→ Dataset records:
- - - - -
lemma pi1_universal:
  fixes f :: "'a::comm_ring_1 mat2 \<times> 'a list \<Rightarrow> 'h" and H :: "('h, 'm) monoid_scheme"
  assumes "monoid H" "f \<in> Syms \<rightarrow> carrier H" "rels H f"
  shows "\<exists>h \<in> hom pi1 H. \<forall>s\<in>Syms. h (sym s) = f s"
proof -
  define h :: "('a \<times> 'a) set list set \<Rightarrow> 'h" where "h C = loop_val f (SOME xs. xs \<in> C)" for C
  have h_class: "h (loop_class xs) = loop_val f xs" for xs
  proof -
    have "xs \<in> loop_class xs"
      by (simp add: loop_class_def loop_eq_refl)
    then have "(SOME ys. ys \<in> loop_class xs) \<in> loop_class xs"
      by (rule someI)
    then have "loop_eq xs (SOME ys. ys \<in> loop_class xs)"
      by (simp add: loop_class_def)
    then show ?thesis
      unfolding h_def by (rule loop_val_loop_eq[OF assms(3), symmetric])
  qed
  have h_sym: "h (sym s) = f s" if "s \<in> Syms" for s
    using loop_val_sym_loop[OF assms that] by (simp add: sym_def h_class)
  have "h \<in> hom pi1 H"
  proof (rule homI)
    fix C :: "('a \<times> 'a) set list set"
    assume "C \<in> carrier pi1"
    then obtain as where "(mone, as) \<in> Syms" "C = sym (mone, as)"
      unfolding carrier_pi1_sym by blast
    then show "h C \<in> carrier H"
      using h_sym assms(2) by auto
  next
    fix C D :: "('a \<times> 'a) set list set"
    assume "C \<in> carrier pi1" "D \<in> carrier pi1"
    then obtain p q where pq: "p \<in> Syms" "q \<in> Syms" "C = sym p" "D = sym q"
      unfolding carrier_pi1_sym by blast
    have pq_Syms: "concat_sym p q \<in> Syms"
      using sym_loop_concat_sym[OF pq(1,2)] ..
    have "C \<otimes>\<^bsub>pi1\<^esub> D = sym (concat_sym p q)"
      using rels_pi1 pq pq_Syms unfolding rels_iff_word_move by blast
    moreover have "f p \<otimes>\<^bsub>H\<^esub> f q = f (concat_sym p q)"
      using assms(3) pq pq_Syms unfolding rels_iff_word_move by blast
    ultimately show "h (C \<otimes>\<^bsub>pi1\<^esub> D) = h C \<otimes>\<^bsub>H\<^esub> h D"
      using pq pq_Syms h_sym by simp
  qed
  then show ?thesis
    using h_sym by blast
qed

theorem theorem6p1:
  shows "group (pi1 :: ('a::comm_ring_1 \<times> 'a) set list set monoid) \<and>
    carrier (pi1 :: ('a \<times> 'a) set list set monoid) = generate pi1 (sym ` (Syms :: ('a mat2 \<times> 'a list) set)) \<and>
    rels (pi1 :: ('a \<times> 'a) set list set monoid) (sym :: 'a mat2 \<times> 'a list \<Rightarrow> _) \<and>
    (\<forall>(H :: 'h monoid) (f :: 'a mat2 \<times> 'a list \<Rightarrow> 'h).
       group H \<longrightarrow> f \<in> Syms \<rightarrow> carrier H \<longrightarrow> rels H f \<longrightarrow>
       (\<exists>h \<in> hom pi1 H. \<forall>s\<in>Syms. h (sym s) = f s))"
  using group_pi1 generate_sym_pi1 rels_pi1 pi1_universal[OF group.is_monoid] by blast

end
(* Let $A$ be a pc monoid whose seminormalization $A\to A_{\mathrm{sn}}$ exists, let $I$ be an ideal of $A$, and set $J=\sqrt{IA_{\mathrm{sn}}}$. Then the induced map $A/I\to A_{\mathrm{sn}}/J$ is the seminormalization of $A/I$.
   Context: A monoid is a pointed commutative monoid. An ideal is a subset $I\ni0$ with $AI\subseteq I$; $A/I$ collapses $I$ to $0$; $IB$ is the ideal of $B$ generated by the image of $I$; $\sqrt{K}=\{b: b^n\in K\text{ for some }n\ge1\}$. pc: isomorphic to $C/I$ with $C$ cancellative ($ac=bc,c\ne0\Rightarrow a=b$). Reduced: $a^2=b^2,a^3=b^3\Rightarrow a=b$; $A_{\mathrm{red}}$ is $A$ modulo $a\sim b$ iff $a^n=b^n$ for all $n\gg0$. Seminormal: reduced and $x^3=y^2\Rightarrow x=z^2,y=z^3$ for some $z$. A seminormalization of $A$ is a map $A\to B$ with $B$ seminormal, $A_{\mathrm{red}}\to B$ injective, and $b^n\in A_{\mathrm{red}}$ for all $n\gg0$ for every $b\in B$. *)

theory Defs
  imports Main
begin

record 'a pcm =
  mcarr :: "'a set"
  mmul  :: "'a \<Rightarrow> 'a \<Rightarrow> 'a"
  munit :: "'a"
  mzero :: "'a"

definition pcmon :: "'a pcm \<Rightarrow> bool" where
  "pcmon M \<longleftrightarrow>
     munit M \<in> mcarr M \<and> mzero M \<in> mcarr M \<and>
     (\<forall>a\<in>mcarr M. \<forall>b\<in>mcarr M. mmul M a b \<in> mcarr M) \<and>
     (\<forall>a\<in>mcarr M. \<forall>b\<in>mcarr M. \<forall>c\<in>mcarr M. mmul M (mmul M a b) c = mmul M a (mmul M b c)) \<and>
     (\<forall>a\<in>mcarr M. \<forall>b\<in>mcarr M. mmul M a b = mmul M b a) \<and>
     (\<forall>a\<in>mcarr M. mmul M (munit M) a = a) \<and>
     (\<forall>a\<in>mcarr M. mmul M (mzero M) a = mzero M)"

primrec mpow :: "'a pcm \<Rightarrow> 'a \<Rightarrow> nat \<Rightarrow> 'a" where
  "mpow M a 0 = munit M"
| "mpow M a (Suc n) = mmul M a (mpow M a n)"

definition mon_hom :: "'a pcm \<Rightarrow> 'b pcm \<Rightarrow> ('a \<Rightarrow> 'b) \<Rightarrow> bool" where
  "mon_hom A B f \<longleftrightarrow>
     (\<forall>a\<in>mcarr A. f a \<in> mcarr B) \<and> f (munit A) = munit B \<and> f (mzero A) = mzero B \<and>
     (\<forall>a\<in>mcarr A. \<forall>b\<in>mcarr A. f (mmul A a b) = mmul B (f a) (f b))"

definition mon_iso :: "'a pcm \<Rightarrow> 'b pcm \<Rightarrow> ('a \<Rightarrow> 'b) \<Rightarrow> bool" where
  "mon_iso A B f \<longleftrightarrow> mon_hom A B f \<and> bij_betw f (mcarr A) (mcarr B)"

definition mideal :: "'a pcm \<Rightarrow> 'a set \<Rightarrow> bool" where
  "mideal A I \<longleftrightarrow> I \<subseteq> mcarr A \<and> mzero A \<in> I \<and>
     (\<forall>a\<in>mcarr A. \<forall>i\<in>I. mmul A a i \<in> I)"

definition quot :: "'a pcm \<Rightarrow> 'a set \<Rightarrow> 'a pcm" where
  "quot A I = \<lparr> mcarr = (mcarr A - I) \<union> {mzero A},
               mmul = (\<lambda>x y. if mmul A x y \<in> I then mzero A else mmul A x y),
               munit = (if munit A \<in> I then mzero A else munit A),
               mzero = mzero A \<rparr>"

definition induced :: "'b pcm \<Rightarrow> 'b set \<Rightarrow> ('a \<Rightarrow> 'b) \<Rightarrow> 'a \<Rightarrow> 'b" where
  "induced B J f x = (if f x \<in> J then mzero B else f x)"

definition ext_ideal :: "'b pcm \<Rightarrow> ('a \<Rightarrow> 'b) \<Rightarrow> 'a set \<Rightarrow> 'b set" where
  "ext_ideal B f I = \<Inter> {K. mideal B K \<and> f ` I \<subseteq> K}"

definition mrad :: "'a pcm \<Rightarrow> 'a set \<Rightarrow> 'a set" where
  "mrad B K = {b \<in> mcarr B. \<exists>n\<ge>1. mpow B b n \<in> K}"

definition cancellative :: "'a pcm \<Rightarrow> bool" where
  "cancellative C \<longleftrightarrow> (\<forall>a\<in>mcarr C. \<forall>b\<in>mcarr C. \<forall>c\<in>mcarr C.
      mmul C a c = mmul C b c \<and> c \<noteq> mzero C \<longrightarrow> a = b)"

text \<open>The type of C is passed as a parameter;
  an assumption pc TYPE('c) A with 'c free in a theorem amounts to existence of such a
  presentation with C of some type.\<close>
definition pc :: "'c itself \<Rightarrow> 'a pcm \<Rightarrow> bool" where
  "pc T A \<longleftrightarrow> pcmon A \<and> (\<exists>(C::'c pcm) K h. pcmon C \<and> cancellative C \<and> mideal C K \<and>
       mon_iso (quot C K) A h)"

definition reduced :: "'a pcm \<Rightarrow> bool" where
  "reduced M \<longleftrightarrow> (\<forall>a\<in>mcarr M. \<forall>b\<in>mcarr M.
      mpow M a 2 = mpow M b 2 \<and> mpow M a 3 = mpow M b 3 \<longrightarrow> a = b)"

definition seminormal :: "'a pcm \<Rightarrow> bool" where
  "seminormal M \<longleftrightarrow> pcmon M \<and> reduced M \<and>
     (\<forall>x\<in>mcarr M. \<forall>y\<in>mcarr M. mpow M x 3 = mpow M y 2 \<longrightarrow>
        (\<exists>z\<in>mcarr M. x = mpow M z 2 \<and> y = mpow M z 3))"

text \<open>f : A \<rightarrow> B is a seminormalization of A: B seminormal, the induced map
  A_red \<rightarrow> B is (well defined and) injective, i.e. f a = f b iff a^n = b^n for n \<gg> 0,
  and every b has b^n in the image of A_red (= image of A) for n \<gg> 0.\<close>
definition is_seminormalization :: "'a pcm \<Rightarrow> 'b pcm \<Rightarrow> ('a \<Rightarrow> 'b) \<Rightarrow> bool" where
  "is_seminormalization A B f \<longleftrightarrow> pcmon A \<and> mon_hom A B f \<and> seminormal B \<and>
     (\<forall>a\<in>mcarr A. \<forall>b\<in>mcarr A. f a = f b \<longleftrightarrow> (\<exists>N. \<forall>n\<ge>N. mpow A a n = mpow A b n)) \<and>
     (\<forall>b\<in>mcarr B. \<exists>N. \<forall>n\<ge>N. mpow B b n \<in> f ` mcarr A)"

end

theory Submission
  imports Defs
begin

text \<open>The point is that \<open>J\<close> contracts to the
  radical of \<open>I\<close>: if \<open>f(a)\<^sup>n = c f(i)\<close> with \<open>i \<in> I\<close>, some power \<open>c\<^sup>m = f(a')\<close> comes from \<open>A\<close>,
  so \<open>f(a\<^sup>n\<^sup>m) = f(a' i\<^sup>m)\<close>; hence \<open>a\<^sup>n\<^sup>m\<close> and the element \<open>a' i\<^sup>m\<close> of \<open>I\<close> have equal powers
  eventually, and \<open>a\<close> lies in \<open>\<surd>I\<close>. Everything else descends to the quotients because \<open>J\<close> is
  radical: powers of an element outside \<open>J\<close> never collapse to \<open>0\<close> in \<open>A\<^sub>s\<^sub>n/J\<close>, while the
  powers of an element of \<open>A/I\<close> eventually vanish exactly when it lies in \<open>\<surd>I\<close>, i.e. when the
  induced map sends it to \<open>0\<close>.\<close>

lemma pcmonD:
  assumes "pcmon M"
  shows "munit M \<in> mcarr M" "mzero M \<in> mcarr M"
    "\<And>a b. a \<in> mcarr M \<Longrightarrow> b \<in> mcarr M \<Longrightarrow> mmul M a b \<in> mcarr M"
    "\<And>a b c. a \<in> mcarr M \<Longrightarrow> b \<in> mcarr M \<Longrightarrow> c \<in> mcarr M \<Longrightarrow>
      mmul M (mmul M a b) c = mmul M a (mmul M b c)"
    "\<And>a b. a \<in> mcarr M \<Longrightarrow> b \<in> mcarr M \<Longrightarrow> mmul M a b = mmul M b a"
    "\<And>a. a \<in> mcarr M \<Longrightarrow> mmul M (munit M) a = a"
    "\<And>a. a \<in> mcarr M \<Longrightarrow> mmul M (mzero M) a = mzero M"
  using assms unfolding pcmon_def by auto

lemma pcmon_mmul_unit_right: "pcmon M \<Longrightarrow> a \<in> mcarr M \<Longrightarrow> mmul M a (munit M) = a"
  by (metis pcmonD(1,5,6))

lemma pcmon_mmul_zero_right: "pcmon M \<Longrightarrow> a \<in> mcarr M \<Longrightarrow> mmul M a (mzero M) = mzero M"
  by (metis pcmonD(2,5,7))

lemma pcmon_mmul_swap:
  assumes "pcmon M" "x \<in> mcarr M" "y \<in> mcarr M" "z \<in> mcarr M" "w \<in> mcarr M"
  shows "mmul M (mmul M x y) (mmul M z w) = mmul M (mmul M x z) (mmul M y w)"
proof -
  note D = pcmonD[OF assms(1)]
  have "mmul M (mmul M x y) (mmul M z w) = mmul M x (mmul M (mmul M y z) w)"
    using assms by (simp add: D(1-4,6,7))
  also have "\<dots> = mmul M x (mmul M (mmul M z y) w)" using assms D(5)[of y z] by simp
  also have "\<dots> = mmul M (mmul M x z) (mmul M y w)" using assms by (simp add: D(1-4,6,7))
  finally show ?thesis .
qed

lemma mpow_closed: "pcmon M \<Longrightarrow> a \<in> mcarr M \<Longrightarrow> mpow M a n \<in> mcarr M"
  by (induct n) (auto simp: pcmonD)

lemma mpow_one: "pcmon M \<Longrightarrow> a \<in> mcarr M \<Longrightarrow> mpow M a 1 = a"
  by (simp add: pcmon_mmul_unit_right)

lemma mpow_add:
  assumes "pcmon M" "a \<in> mcarr M"
  shows "mpow M a (m + n) = mmul M (mpow M a m) (mpow M a n)"
  by (induct m) (simp_all add: pcmonD(1-4,6,7)[OF assms(1)] mpow_closed[OF assms] assms)

lemma mpow_mult:
  assumes "pcmon M" "a \<in> mcarr M"
  shows "mpow M a (m * n) = mpow M (mpow M a m) n"
  by (induct n) (simp_all add: mpow_add[OF assms])

lemma mpow_mmul:
  assumes "pcmon M" "a \<in> mcarr M" "b \<in> mcarr M"
  shows "mpow M (mmul M a b) n = mmul M (mpow M a n) (mpow M b n)"
  by (induct n) (simp_all add: pcmonD(1-4,6,7)[OF assms(1)] pcmon_mmul_swap mpow_closed assms)

lemma mon_hom_mpow:
  "mon_hom A B f \<Longrightarrow> pcmon A \<Longrightarrow> a \<in> mcarr A \<Longrightarrow> f (mpow A a n) = mpow B (f a) n"
  by (induct n) (auto simp: mon_hom_def mpow_closed)

lemma mideal_subset: "mideal M I \<Longrightarrow> x \<in> I \<Longrightarrow> x \<in> mcarr M"
  unfolding mideal_def by blast

lemma mideal_mzero: "mideal M I \<Longrightarrow> mzero M \<in> I"
  unfolding mideal_def by blast

lemma mideal_mmul_left: "mideal M I \<Longrightarrow> i \<in> I \<Longrightarrow> a \<in> mcarr M \<Longrightarrow> mmul M a i \<in> I"
  unfolding mideal_def by blast

lemma mideal_mmul_right:
  "mideal M I \<Longrightarrow> pcmon M \<Longrightarrow> i \<in> I \<Longrightarrow> a \<in> mcarr M \<Longrightarrow> mmul M i a \<in> I"
  unfolding mideal_def by (metis pcmonD(5) subsetD)

lemma mideal_munit: "mideal M I \<Longrightarrow> pcmon M \<Longrightarrow> munit M \<in> I \<Longrightarrow> a \<in> mcarr M \<Longrightarrow> a \<in> I"
  by (metis mideal_mmul_left pcmon_mmul_unit_right)

lemma mideal_mpow: "mideal M I \<Longrightarrow> pcmon M \<Longrightarrow> i \<in> I \<Longrightarrow> n \<ge> 1 \<Longrightarrow> mpow M i n \<in> I"
  by (cases n) (auto intro: mideal_mmul_right mpow_closed mideal_subset)

lemma mideal_mpow_mono:
  assumes "mideal M I" "pcmon M" "a \<in> mcarr M" "mpow M a n \<in> I" "n \<le> m"
  shows "mpow M a m \<in> I"
proof -
  have "mpow M a m = mmul M (mpow M a (m - n)) (mpow M a n)"
    using mpow_add[OF assms(2,3), of "m - n" n] assms(5) by simp
  then show ?thesis using mideal_mmul_left[OF assms(1,4)] mpow_closed[OF assms(2,3)] by simp
qed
- - - - -
→ TASK STATEMENT:
Report back every line of the entries in which "obtain" occurs.

→ WRITTEN ANSWER:
    then obtain as where "(mone, as) \<in> Syms" "C = sym (mone, as)"
    then obtain p q where pq: "p \<in> Syms" "q \<in> Syms" "C = sym p" "D = sym q"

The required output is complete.